Experiment of packing subcelluar structures together and generating simulated cryo-electron tomogram

In order to verify the effectiveness of our method, four experiments with different type of Macromolecules and ultrastructure are carried out. The first one is a packing of 400 macromolecules with 20 types which is used to compare the crowded level of our method and single-ball method. The second one is the packing of five macromolecules to show the process and result clearly. The third one is the packing of six macromolecules, one filament and one membrane which is used to show the ability of packing deformable and undeformable sturcture under a unified framework. The fourth experiment shows the deformation process of a single deformable structure. All the rendering result is visualized by Visual Molecular Dynamics(VMD) [33]. The PDB view of all experiments are visualized by Chimera [34]. The video of the above experiments could be found in the Additional file 2.

Crowded packing of macromolecules

Packing of 400 macromolecules. As shown in Fig. 6, 20×20types=400 macromolecules are packed in a box of 120nm×120nm×120nm. It could be seen in Subfig. 6a and Fig. 6c, all macromolecules gradually squeeze together from the initial dispersed state, forming a sphere-like structure under a force pointing to the scene center. Subfigure 6b shows the PDB view of the final result with different types of macromolecules in different colors. A slice in the volume is also shown in Subfig. 6d. In Fig. 7, the simulated cryo-electron tomography of this packing result is shown. In this experiment, macromolecules are tightly packed together, and the gaps between each other are very small.

Fig. 6
figure6

Packing process of 400 macromolecules with 20 types. Subfigure (a) and (c) shows wireframe view multiple-ball view of the packing process, respectively. In subfigure (a), each fully-linked body represents a macromolecule. The chemical bonds belong to the same macromolecule are marked in the same color. In subfigure (c), each macromolecule is represented by a cluster of balls in the same color. The macromolecules are initialized randomly in the scene, and they are far from each other. After packing, all macromolecules are brought together to form a tight cluster. Subfigure (b) is the 3D visualization of final PDB file, 20 types of macromolecules are marked in different colors. Subfigure (d) is a slice in this simulated volume

Fig. 7
figure7

The density map and simulated cryo-electron tomogram of 400 packed macromolecules. Subfigure (a)shows the real states of packing result by a density map. Subfigure (b) and (c) are the simulated cryo-electron tomogram images under 1000 and 200 Signal-to-Noise-Ratio (SNR), respectively

Including 1A1F shown in Fig. 1, 20 kinds of different macromolecules which are varying in structure, size and shape were selected and approximated with multiple balls. In order to model them more reasonable, the number of balls was determined by macromolecule’s size using Eqs. 4 and 3. Atoms in a specific macromolecule are divided into k clusters according to their coordinates. The radius of each cluster is determined by the most distant atom in this cluster to the cluster center.

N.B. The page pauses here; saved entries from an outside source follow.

lemma idempotent_split_ring_hom:
  assumes dom: "zd_dominating R {e}" and idem: "e \<otimes> e = e"
  shows "idempotent_split R e \<in> ring_hom R (RDirProd (ZFact 2) (annihilator_ring R e))"
proof -
  have ec: "e \<in> carrier R" and e0: "e \<noteq> \<zero>"
    using dom zd_dominating_singleton_iff zd_starD by auto
  note compl = idempotent_complement[OF ec idem]
  note mult_cases = dominating_idempotent_mult_cases[OF dom idem]
  show ?thesis
  proof (rule ring_hom_memI)
    fix x assume x: "x \<in> carrier R"
    have "(\<one> \<ominus> e) \<otimes> x \<otimes> e = x \<otimes> (e \<otimes> (\<one> \<ominus> e))"
      using x ec compl(1) by (simp add: m_ac)
    then show "idempotent_split R e x \<in> carrier (RDirProd (ZFact 2) (annihilator_ring R e))"
      unfolding idempotent_split_def RDirProd_carrier annihilator_ring_simps
      using ZMod_hom_simps(1) compl(1,2) x by simp
  next
    fix x y assume xy: "x \<in> carrier R" "y \<in> carrier R"
    have "e \<otimes> (x \<otimes> y) = (e \<otimes> x) \<otimes> (e \<otimes> y)"
      and "(\<one> \<ominus> e) \<otimes> (x \<otimes> y) = ((\<one> \<ominus> e) \<otimes> x) \<otimes> ((\<one> \<ominus> e) \<otimes> y)"
      using xy ec idem compl(1,3) by (metis m_ac(1,2) m_closed)+
    moreover have "of_bool ((e \<otimes> x) \<otimes> (e \<otimes> y) \<noteq> \<zero>) =
        of_bool (e \<otimes> x \<noteq> \<zero>) * (of_bool (e \<otimes> y \<noteq> \<zero>) :: int)"
      using mult_cases[OF xy(1)] mult_cases[OF xy(2)] idem e0 ec by auto
    ultimately show "idempotent_split R e (x \<otimes> y) =
        idempotent_split R e x \<otimes>\<^bsub>RDirProd (ZFact 2) (annihilator_ring R e)\<^esub> idempotent_split R e y"
      unfolding idempotent_split_def RDirProd_simps
      by (simp add: annihilator_ring_simps ZMod_hom_simps(2))
  next
    fix x y assume xy: "x \<in> carrier R" "y \<in> carrier R"
    have "e \<otimes> (x \<oplus> y) = e \<otimes> x \<oplus> e \<otimes> y"
      using xy ec by (simp add: r_distr)
    then have "ZMod 2 (of_bool (e \<otimes> (x \<oplus> y) \<noteq> \<zero>)) =
        ZMod 2 (of_bool (e \<otimes> x \<noteq> \<zero>) + of_bool (e \<otimes> y \<noteq> \<zero>))"
      unfolding ZMod_eq_mod
      using mult_cases[OF xy(1)] mult_cases[OF xy(2)] dominating_idempotent_add_self[OF dom idem] e0 ec by auto
    moreover have "(\<one> \<ominus> e) \<otimes> (x \<oplus> y) = (\<one> \<ominus> e) \<otimes> x \<oplus> (\<one> \<ominus> e) \<otimes> y"
      using xy compl(1) by (simp add: r_distr)
    ultimately show "idempotent_split R e (x \<oplus> y) =
        idempotent_split R e x \<oplus>\<^bsub>RDirProd (ZFact 2) (annihilator_ring R e)\<^esub> idempotent_split R e y"
      unfolding idempotent_split_def RDirProd_simps annihilator_ring_simps
      by (simp only: prod.inject simp_thms ZMod_hom_simps(3))
  next
    show "idempotent_split R e \<one> = \<one>\<^bsub>RDirProd (ZFact 2) (annihilator_ring R e)\<^esub>"
      unfolding idempotent_split_def RDirProd_simps
      using ZMod_hom_simps(4) compl(1) ec e0 by (simp add: annihilator_ring_simps)
  qed
qed

lemma idempotent_split_bij:
  assumes dom: "zd_dominating R {e}" and idem: "e \<otimes> e = e"
  shows "bij_betw (idempotent_split R e) (carrier R) (carrier (RDirProd (ZFact 2) (annihilator_ring R e)))"
proof -
  have ec: "e \<in> carrier R" and e0: "e \<noteq> \<zero>"
    using dom zd_dominating_singleton_iff zd_starD by auto
  note compl = idempotent_complement[OF ec idem]
  note mult_cases = dominating_idempotent_mult_cases[OF dom idem]
  have decomp: "x = e \<otimes> x \<oplus> (\<one> \<ominus> e) \<otimes> x" if "x \<in> carrier R" for x
    using that ec by algebra
  have "inj_on (idempotent_split R e) (carrier R)"
  proof (rule inj_onI)
    fix x y assume x: "x \<in> carrier R" and y: "y \<in> carrier R"
      and eq: "idempotent_split R e x = idempotent_split R e y"
    then have "ZMod 2 (of_bool (e \<otimes> x \<noteq> \<zero>)) = ZMod 2 (of_bool (e \<otimes> y \<noteq> \<zero>))"
      unfolding idempotent_split_def by (simp only: prod.inject)
    then have "(of_bool (e \<otimes> x \<noteq> \<zero>) :: int) mod 2 = of_bool (e \<otimes> y \<noteq> \<zero>) mod 2"
      by (rule ZMod_imp_zmod)
    then have "e \<otimes> x = e \<otimes> y"
      using mult_cases[OF x] mult_cases[OF y] by auto
    moreover have "(\<one> \<ominus> e) \<otimes> x = (\<one> \<ominus> e) \<otimes> y"
      using eq unfolding idempotent_split_def by simp
    ultimately show "x = y"
      using decomp[OF x] decomp[OF y] by simp
  qed
  moreover have "carrier (RDirProd (ZFact 2) (annihilator_ring R e)) \<subseteq> idempotent_split R e ` carrier R"
  proof
    fix p assume "p \<in> carrier (RDirProd (ZFact 2) (annihilator_ring R e))"
    then obtain k d where p: "p = (ZMod 2 k, d)" and d: "d \<in> carrier R" "d \<otimes> e = \<zero>"
      unfolding RDirProd_carrier annihilator_ring_simps using ZFact_carrier_ZMod by fastforce
    have ed: "e \<otimes> d = \<zero>" and fd: "(\<one> \<ominus> e) \<otimes> d = d"
      using d ec compl(4)[OF d(1)] by (simp_all add: m_comm a_minus_def)
    have "(\<one> \<ominus> e) \<otimes> (e \<oplus> d) = e \<otimes> (\<one> \<ominus> e) \<oplus> (\<one> \<ominus> e) \<otimes> d"
      using ec d(1) by algebra
    then have "(\<one> \<ominus> e) \<otimes> (e \<oplus> d) = d"
      using compl(2) fd d(1) by simp
    moreover have "e \<otimes> (e \<oplus> d) = e"
      using ec d(1) idem ed by (simp add: r_distr)
    ultimately have "idempotent_split R e (e \<oplus> d) = (ZMod 2 1, d)" "idempotent_split R e d = (ZMod 2 0, d)"
      unfolding idempotent_split_def using ed fd e0 by simp_all
    moreover have "ZMod 2 k = ZMod 2 1 \<or> ZMod 2 k = ZMod 2 0"
      unfolding ZMod_eq_mod by presburger
    ultimately show "p \<in> idempotent_split R e ` carrier R"
      using p d(1) ec by (metis add.m_closed image_eqI)
  qed
  ultimately show ?thesis
    unfolding bij_betw_def using ring_hom_closed[OF idempotent_split_ring_hom[OF dom idem]] by auto
qed

lemma dominating_idempotent_iso:
  assumes "zd_dominating R {e}" and "e \<otimes> e = e"
  shows "R \<simeq> RDirProd (ZFact 2) (annihilator_ring R e)"
  using idempotent_split_ring_hom[OF assms] idempotent_split_bij[OF assms]
  unfolding is_ring_iso_def ring_iso_def by blast

end

theorem theorem4p3:
  fixes R :: "('a, 'b) ring_scheme"
  assumes "cring R"
    and "\<not> domain R"
    and "zd_gamma_t R < \<infinity>"
    and "\<not> (\<exists>D :: 'a ring. domain D \<and> R \<simeq> RDirProd (ZFact 2) D)"
  shows "zd_gamma_t R = zd_gamma R"
proof -
  interpret cring R by (rule assms(1))
  have no_dominating_idempotent: "\<not> zd_dominating R {e}" if "e \<otimes>\<^bsub>R\<^esub> e = e" for e
    using annihilator_ring_domain[OF _ that] dominating_idempotent_iso[OF _ that] assms(4) by blast
  have "zd_gamma R < \<infinity>"
    using zd_gamma_le_gamma_t assms(3) by (rule le_less_trans)
  then obtain S where S: "finite S" "zd_dominating R S" "zd_gamma R = enat (card S)"
    by (rule zd_gamma_attained)
  obtain T where "finite T" "zd_total_dominating R T" "card T \<le> card S"
    using exists_total_dominating_le[OF no_dominating_idempotent S(1,2)] by blast
  then have "zd_gamma_t R \<le> zd_gamma R"
    using zd_gamma_t_le_card S(3) by (metis enat_ord_simps(1) order_trans)
  then show ?thesis
    using zd_gamma_le_gamma_t by (rule antisym)
qed

end
(* Let $M=\{r=0\}$ be a smooth hypersurface in $\mathbb C^n$ through $0$ and let $\zeta$ be a formal curve with $\zeta(0)=0$. Then $\zeta^*r\sim0$ if and only if there exists $U\in\mathcal M_0$ which is a weak limit of matrices in $\mathcal M_1$ such that $\zeta^*\varphi\sim0$ for every $\varphi\in I(h,f-Ug,U^*f-g)$.
   Context: $r$ is a real $\mathcal C^\infty$ defining function ($r(0)=0$, $dr(0)\neq0$). Order the nonzero multi-indices $J\in\mathbb N^n$ by $J<K$ iff $|J|<|K|$, or $|J|=|K|$ and $J$ precedes $K$ lexicographically; enumerate them as $J^{(1)},J^{(2)},\dots$. Write the formal Taylor series of $r$ at $0$ as $r\sim 2\,\mathrm{Re}\,h+4\,\mathrm{Re}\sum_{J}\sum_{K\ge J}a_{JK}z^J\bar z^K$ ($J,K$ nonzero), $h$ formal holomorphic with $h(0)=0$. Set $f_J=z^J+\sum_{K\ge J}\overline{a_{JK}}z^K$, $g_J=z^J-\sum_{K\ge J}\overline{a_{JK}}z^K$, so $r\sim2\,\mathrm{Re}\,h+\sum_J|f_J|^2-\sum_J|g_J|^2$; $f=(f_{J^{(m)}})_m$, $g=(g_{J^{(m)}})_m$. $\mathcal M_0$ is the set of infinite complex matrices $\{a_{ij}\}_{i,j\ge1}$ with all row and column sums $\sum_j|a_{ij}|^2\le1$, $\sum_i|a_{ij}|^2\le1$; $\mathcal M_1\subset\mathcal M_0$ the unitary matrices; $A^*=\{\overline{a_{ji}}\}$; weak convergence is entrywise convergence. $(Ug)_i=\sum_mU_{im}g_m$, $(U^*f)_i=\sum_m\overline{U_{mi}}f_m$. $I(h,f-Ug,U^*f-g)$ is the ideal of the formal power series ring ${}_n\mathcal O_0$ generated by $h$ and all components of $f-Ug$ and $U^*f-g$. A formal curve is an $n$-tuple of formal power series in $t$; $\zeta^*\varphi=\varphi\circ\zeta$, and $\sim0$ means vanishing to infinite order (all coefficients zero). *)

theory Defs
  imports Complex_Main "HOL-Computational_Algebra.Formal_Power_Series"
begin

text \<open>Multi-indices in N^n are functions 'n => nat, where the finite linearly
ordered type 'n indexes the coordinates z_1,...,z_n of C^n.
Formal power series in z (holomorphic) are functions from multi-indices to complex;
formal series in (z, conj z) are functions of pairs of multi-indices
(coefficient of z^J conj(z)^K).\<close>

type_synonym 'n mi = "'n \<Rightarrow> nat"
type_synonym 'n fser = "'n mi \<Rightarrow> complex"

definition mi_zero :: "'n mi" where "mi_zero = (\<lambda>_. 0)"

definition mi_deg :: "('n::finite) mi \<Rightarrow> nat" where
  "mi_deg J = (\<Sum>i\<in>UNIV. J i)"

In a macromolecule, each pair of balls are linked by a chemical bond to form a stable topology. The length stretching and angular stretching of a chemical bond are constrained by the bonding potential function. Due to the high spring constant of the chemical bond, the relative position of balls in a macromolecule is hard to change, and the stability of the structure can be ensured.

The PDB view, clustering results, coarse-grained multiple-ball model, ball stick represent of 20 selected macromolecules are shown in Figs. S1, S2, S3, S4 in supplementary document, respectively.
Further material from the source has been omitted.